TASK =
Within the records below, find each line with the word "list" and copy it out.

Saved data entries
━━━━━━━━━━━━━━━━
(* Let $C$ and $Q_1,\dots,Q_k$ ($k\ge0$) be subsets of $\{1,\dots,n\}$, let $W_i\subseteq Q_i$ for $1\le i\le k$, and let $Q=\bigcup_{i=1}^kQ_i$. Let $A_1,\dots,A_r\subseteq\{1,\dots,k\}$ ($r\le k$) be pairwise disjoint, and let $G_j=\bigcup_{i\in A_j}W_i$ for $1\le j\le r$. Let $R$ be any subset of $Q\setminus\bigcup_{j=1}^rG_j$. For a given joint distribution of $X_1,\dots,X_n$, if $K_1=(C,\langle Q_i,1\le i\le k\rangle)$ is valid, then $K_2(R)=(C\cup R,\langle G_j,1\le j\le r\rangle)$ is valid.
   Context: $X_1,\dots,X_n$ are jointly distributed discrete random variables with $H(X_i)<\infty$; $X_\alpha=(X_i,i\in\alpha)$, $X_\emptyset$ is a constant. A CMI $(C,\langle Q_1,\dots,Q_k\rangle)$ (with $C\subseteq\{1,\dots,n\}$ and an unordered multiset of subsets $Q_i$) is valid for a given distribution if $\sum_{i=1}^kH(X_{Q_i}|X_C)-H(X_{Q_1},\dots,X_{Q_k}|X_C)=0$, i.e., $X_{Q_1},\dots,X_{Q_k}$ are mutually independent conditioning on $X_C$ (automatically true when $k\le1$). *)

theory Defs
  imports "HOL-Probability.Probability"
begin

text \<open>A joint distribution of discrete random variables X_1,...,X_n is modelled by a
  discrete probability space (a pmf M on an outcome type 'w) together with
  random variables X i :: 'w \<Rightarrow> 'v.\<close>

definition varset :: "(nat \<Rightarrow> 'w \<Rightarrow> 'v) \<Rightarrow> nat set \<Rightarrow> 'w \<Rightarrow> (nat \<Rightarrow> 'v)" where
  "varset X \<alpha> \<omega> = (\<lambda>i. if i \<in> \<alpha> then X i \<omega> else undefined)"

definition finite_entropy :: "'w pmf \<Rightarrow> ('w \<Rightarrow> 'v) \<Rightarrow> bool" where
  "finite_entropy M Y \<longleftrightarrow>
     (\<lambda>v. pmf (map_pmf Y M) v * ln (pmf (map_pmf Y M) v)) summable_on UNIV"

definition cprob :: "'w pmf \<Rightarrow> 'w set \<Rightarrow> 'w set \<Rightarrow> real" where
  "cprob M A B = measure_pmf.prob M (A \<inter> B) / measure_pmf.prob M B"

text \<open>A CMI (C, <Q_1,...,Q_k>) (the multiset of Q_i given as a list) is valid iff
  X_{Q_1},...,X_{Q_k} are mutually independent conditionally on X_C.\<close>
definition valid_cmi :: "'w pmf \<Rightarrow> (nat \<Rightarrow> 'w \<Rightarrow> 'v) \<Rightarrow> nat set \<Rightarrow> nat set list \<Rightarrow> bool" where
  "valid_cmi M X C Qs \<longleftrightarrow>
    (\<forall>c as. length as = length Qs \<longrightarrow>
       measure_pmf.prob M {\<omega>. varset X C \<omega> = c} > 0 \<longrightarrow>
       cprob M {\<omega>. \<forall>i<length Qs. varset X (Qs ! i) \<omega> = as ! i} {\<omega>. varset X C \<omega> = c}
       = (\<Prod>i<length Qs. cprob M {\<omega>. varset X (Qs ! i) \<omega> = as ! i} {\<omega>. varset X C \<omega> = c}))"

end

theory Submission
  imports Defs
begin

text \<open>
  Conditioned on \<open>X\<^sub>C = c\<close>, the vectors \<open>X\<^sub>Q\<^sub>1, \<dots>, X\<^sub>Q\<^sub>k\<close> are independent, i.e. their joint
  law is a product and probabilities of rectangles factorise. Since \<open>R \<subseteq> Q\<close>, the event
  \<open>X\<^sub>R = c\<^sub>R\<close> is a rectangle in these vectors, and conditioning independent variables on a
  rectangle of positive probability keeps them independent. Finally each level set of
  \<open>X\<^sub>G\<^sub>j\<close> is a rectangle in the vectors \<open>X\<^sub>Q\<^sub>i\<close> with \<open>i \<in> A\<^sub>j\<close>; as the \<open>A\<^sub>j\<close> are disjoint,
  the product over \<open>i\<close> regroups into a product over \<open>j\<close>.
\<close>

lemma measure_cond_pmf_eq_cprob:
  assumes "measure_pmf.prob p S > 0"
  shows "measure_pmf.prob (cond_pmf p S) A = cprob p A S"
proof -
  have "set_pmf p \<inter> S \<noteq> {}"
    using assms measure_pmf_zero_iff[of p S] by linarith
  then have "measure_pmf.prob (cond_pmf p S) A = measure (uniform_measure (measure_pmf p) S) A"
    by (simp add: cond_pmf.rep_eq)
  also have "\<dots> = measure_pmf.prob p (S \<inter> A) / measure_pmf.prob p S"
    using assms by (intro measure_uniform_measure) (simp_all add: measure_pmf.emeasure_eq_measure)
  finally show ?thesis
    by (simp add: cprob_def Int_commute)
qed

lemma cond_pmf_cond_pmf:
  assumes "measure_pmf.prob p (B \<inter> S) > 0"
  shows "cond_pmf (cond_pmf p S) B = cond_pmf p (B \<inter> S)"
proof -
  have S: "measure_pmf.prob p S > 0"
    using assms measure_pmf.finite_measure_mono[of "B \<inter> S" S p] by simp
  have ne: "set_pmf p \<inter> (B \<inter> S) \<noteq> {}" "set_pmf p \<inter> S \<noteq> {}"
    using assms S measure_pmf_zero_iff by (metis less_irrefl)+
  then have "set_pmf (cond_pmf p S) \<inter> B \<noteq> {}"
    by auto
  moreover have "measure_pmf.prob (cond_pmf p S) B = measure_pmf.prob p (B \<inter> S) / measure_pmf.prob p S"
    using S by (simp add: measure_cond_pmf_eq_cprob cprob_def)
  ultimately show ?thesis
    using ne S by (intro pmf_eqI) (simp add: pmf_cond)
qed

definition pmf_indep_vars :: "'w pmf \<Rightarrow> ('i \<Rightarrow> 'w \<Rightarrow> 'b) \<Rightarrow> 'i set \<Rightarrow> bool" where
  "pmf_indep_vars P Y I \<longleftrightarrow>
     (\<forall>S. measure_pmf.prob P {\<omega>. \<forall>i\<in>I. Y i \<omega> \<in> S i} = (\<Prod>i\<in>I. measure_pmf.prob P {\<omega>. Y i \<omega> \<in> S i}))"

lemma pmf_indep_vars_prob_subset:
  assumes "pmf_indep_vars P Y I" "finite I" "A \<subseteq> I"
  shows "measure_pmf.prob P {\<omega>. \<forall>i\<in>A. Y i \<omega> \<in> S i} = (\<Prod>i\<in>A. measure_pmf.prob P {\<omega>. Y i \<omega> \<in> S i})"
proof -
  define S' where "S' i = (if i \<in> A then S i else UNIV)" for i
  have "{\<omega>. \<forall>i\<in>A. Y i \<omega> \<in> S i} = {\<omega>. \<forall>i\<in>I. Y i \<omega> \<in> S' i}"
    using assms(3) by (auto simp: S'_def)
  then have "measure_pmf.prob P {\<omega>. \<forall>i\<in>A. Y i \<omega> \<in> S i} = (\<Prod>i\<in>I. measure_pmf.prob P {\<omega>. Y i \<omega> \<in> S' i})"
    using assms(1) by (simp add: pmf_indep_vars_def)
  also have "\<dots> = (\<Prod>i\<in>I \<inter> A. measure_pmf.prob P {\<omega>. Y i \<omega> \<in> S i})"
    using assms(2) by (simp add: prod.inter_restrict S'_def) (intro prod.cong; simp)
  finally show ?thesis
    using assms(3) by (simp add: Int_absorb1)
qed

lemma pmf_indep_vars_iff_pmf_factors:
  fixes P :: "'w pmf" and Y :: "'i \<Rightarrow> 'w \<Rightarrow> 'b"
  assumes I: "finite I"
  shows "pmf_indep_vars P Y I \<longleftrightarrow>
    (\<forall>a. measure_pmf.prob P {\<omega>. \<forall>i\<in>I. Y i \<omega> = a i} = (\<Prod>i\<in>I. measure_pmf.prob P {\<omega>. Y i \<omega> = a i}))"
    (is "_ \<longleftrightarrow> (\<forall>a. ?factors a)")
proof
  assume indep: "pmf_indep_vars P Y I"
  show "\<forall>a. ?factors a"
  proof
    fix a
    show "?factors a"
      using spec[OF indep[unfolded pmf_indep_vars_def], of "\<lambda>i. {a i}"] by simp
  qed
next
  assume factors: "\<forall>a. ?factors a"
  define d :: 'b where "d = undefined"
  define Y_I where "Y_I \<omega> i = (if i \<in> I then Y i \<omega> else d)" for \<omega> i
  have Y_I_eq: "Y_I -` {f} = {\<omega>. \<forall>i\<in>I. Y i \<omega> = f i}" if "\<forall>i. i \<notin> I \<longrightarrow> f i = d" for f
    using that by (auto simp: Y_I_def fun_eq_iff)
  have joint: "map_pmf Y_I P = Pi_pmf I d (\<lambda>i. map_pmf (Y i) P)"
  proof (rule pmf_eqI)
    fix f
    show "pmf (map_pmf Y_I P) f = pmf (Pi_pmf I d (\<lambda>i. map_pmf (Y i) P)) f"
    proof (cases "\<forall>i. i \<notin> I \<longrightarrow> f i = d")
      case True
      have "pmf (map_pmf Y_I P) f = measure_pmf.prob P {\<omega>. \<forall>i\<in>I. Y i \<omega> = f i}"
        by (simp add: pmf_map Y_I_eq[OF True])
      also have "\<dots> = (\<Prod>i\<in>I. pmf (map_pmf (Y i) P) (f i))"
        using factors by (simp add: pmf_map vimage_def)
      finally show ?thesis
        using I True by (simp add: pmf_Pi)
    next
      case False
      then have "Y_I -` {f} = {}"
        by (auto simp: Y_I_def)
      with False I show ?thesis
        by (auto simp: pmf_map pmf_Pi)
    qed
  qed
  show "pmf_indep_vars P Y I"
    unfolding pmf_indep_vars_def
  proof
    fix S
    have "{\<omega>. \<forall>i\<in>I. Y i \<omega> \<in> S i} = Y_I -` PiE_dflt I d S"
      by (auto simp: Y_I_def PiE_dflt_def)
    then have "measure_pmf.prob P {\<omega>. \<forall>i\<in>I. Y i \<omega> \<in> S i} = measure_pmf.prob (map_pmf Y_I P) (PiE_dflt I d S)"
      by simp
    also have "\<dots> = (\<Prod>i\<in>I. measure_pmf.prob (map_pmf (Y i) P) (S i))"
      unfolding joint using I by (rule measure_Pi_pmf_PiE_dflt)
    finally show "measure_pmf.prob P {\<omega>. \<forall>i\<in>I. Y i \<omega> \<in> S i} = (\<Prod>i\<in>I. measure_pmf.prob P {\<omega>. Y i \<omega> \<in> S i})"
      by (simp add: vimage_def)
  qed
qed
━━━━━━━━━━━━━━━━
OUTPUT OF THE EXERCISE =
text \<open>A CMI (C, <Q_1,...,Q_k>) (the multiset of Q_i given as a list) is valid iff
definition valid_cmi :: "'w pmf \<Rightarrow> (nat \<Rightarrow> 'w \<Rightarrow> 'v) \<Rightarrow> nat set \<Rightarrow> nat set list \<Rightarrow> bool" where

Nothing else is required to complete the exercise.